In elementary school, I remember that both my brother and I used to bring a snack from home mid-morning (usually a focaccia or a pizza or a brioche) since lunch was in the school dining room, so we didn't need to bring lunch from home.
My mom had embroidered a little towel with our names on it, and she had embroidered a little flower next to mine and a little sailboat next to my brother's. So that could be my first lunchbox where to wrap around the snacks.
I still have it, by the way!
We used to put everything carefully in the school backpacks without having a real lunchbox, in those days it was not used yet.
In middle school I hardly ever brought a snack, at most it could be crackers or chocolate, but no more, and at lunchtime I would come home to eat.

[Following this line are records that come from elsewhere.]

definition loewner_le :: "real^'n^'n \<Rightarrow> real^'n^'n \<Rightarrow> bool" where
  "loewner_le A B \<longleftrightarrow> psd_mat (B - A)"

definition psd_sqrt :: "real^'n^'n \<Rightarrow> real^'n^'n" where
  "psd_sqrt A = (THE B. psd_mat B \<and> B ** B = A)"

end

theory Submission
  imports Defs
begin

text \<open>\<open>\<Sigma>\<close> has spectrum in \<open>[1/\<gamma>\<^sub>1, 1/\<gamma>\<^sub>0]\<close> and \<open>I - \<eta>S\<close> has spectrum in
  \<open>[1 - \<eta>\<gamma>\<^sub>1, 1 - \<eta>\<gamma>\<^sub>0] \<subseteq> [0, 1]\<close>, so the quadratic form of \<open>\<Sigma>'\<close> squeezes it between
  \<open>(1 - \<eta>\<gamma>\<^sub>1)\<^sup>2/\<gamma>\<^sub>1\<close> and \<open>(1 - \<eta>\<gamma>\<^sub>0)\<^sup>2/\<gamma>\<^sub>0\<close> in the Loewner order.
  \<open>\<Sigma>''\<close> arises from \<open>\<Sigma>'\<close> by applying to each eigenvalue the increasing map
  \<open>f l = (l + 2\<eta> + sqrt (l (l + 4\<eta>)))/2\<close>, which inverts \<open>\<sigma> \<mapsto> (\<sigma> - \<eta>)\<^sup>2/\<sigma>\<close> on \<open>[\<eta>, \<infinity>)\<close>;
  as \<open>\<eta> \<le> 1/\<gamma>\<^sub>1 \<le> 1/\<gamma>\<^sub>0\<close>, it sends the two bounds exactly to \<open>1/\<gamma>\<^sub>1\<close> and \<open>1/\<gamma>\<^sub>0\<close>.
  Passing between matrices and their eigenvalues rests on the spectral theorem for real symmetric
  matrices, obtained by maximising the Rayleigh quotient on invariant subspaces.\<close>

lemma mat_mult_vec: "mat c *v x = c *\<^sub>R (x::real^'n)"
  by (simp add: vec_eq_iff matrix_vector_mult_def mat_def if_distribR if_distrib[of "\<lambda>z. z * _"] cong: if_cong)

lemma sym_mat_inner_swap: "sym_mat A \<Longrightarrow> x \<bullet> (A *v y) = (A *v x) \<bullet> y"
  by (metis sym_mat_def dot_lmul_matrix transpose_matrix_vector)

lemma sym_matI:
  assumes "\<And>x y. x \<bullet> (A *v y) = (A *v x) \<bullet> (y::real^'n)"
  shows "sym_mat A"
  unfolding sym_mat_def matrix_eq
proof
  fix y
  have "x \<bullet> (transpose A *v y) = x \<bullet> (A *v y)" for x
  proof -
    have "x \<bullet> (transpose A *v y) = (transpose A *v y) \<bullet> x" by (rule inner_commute)
    also have "\<dots> = (y v* A) \<bullet> x" by (simp only: transpose_matrix_vector)
    also have "\<dots> = y \<bullet> (A *v x)" by (rule dot_lmul_matrix)
    also have "\<dots> = (A *v x) \<bullet> y" by (rule inner_commute)
    finally show ?thesis by (simp only: assms)
  qed
  thus "transpose A *v y = A *v y"
    using vector_eq_ldot by blast
qed

lemma transpose_diff: "transpose (A - B) = transpose A - transpose (B :: real^'n^'n)"
  by (simp add: transpose_def vec_eq_iff)

lemma sym_mat_sandwich:
  assumes "sym_mat P" "sym_mat M" shows "sym_mat (P ** M ** P :: real^'n^'n)"
  using assms by (simp add: sym_mat_def matrix_transpose_mul matrix_mul_assoc)

lemma loewner_le_mat_left_iff:
  "loewner_le (mat c) A \<longleftrightarrow> sym_mat A \<and> (\<forall>x. c * (x \<bullet> x) \<le> x \<bullet> (A *v x))"
  by (auto simp: loewner_le_def psd_mat_def sym_mat_def transpose_diff matrix_vector_mult_diff_rdistrib
      mat_mult_vec inner_diff_right)

lemma loewner_le_mat_right_iff:
  "loewner_le A (mat c) \<longleftrightarrow> sym_mat A \<and> (\<forall>x. x \<bullet> (A *v x) \<le> c * (x \<bullet> x))"
  by (auto simp: loewner_le_def psd_mat_def sym_mat_def transpose_diff matrix_vector_mult_diff_rdistrib
      mat_mult_vec inner_diff_right)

And no lunchboxes, even in that case we put everything in our school backpacks.
In high school instead I started to bring a lunchbox on which I had stuck the sticker of Nirvana, then Pearl Jam and slowly all the music scene of the 90s, usually there was a pizza or fruit and yogurt ... actually I would not really need a lunchbox even then, it was more like a kind of beauty-case or hiding place for cigarettes ...
Cafeteria? Choices? You guys had it easy. Lunch would start with an orderly queue outside the dining hall (we Brits practise queuing from an early age) regardless of the weather. When the doors opened we would file in and go to pre-arranged refectory tables that seated about 20 on hard benches. After standing for grace, we would be served our meal, from memory it always involved boiled potatoes, cabbage and carrots, along with some form of unidentifiable meat in gravy. If you cleared your plate you got pudding, usually something stodgy with custard. No choices, other than take it or leave it.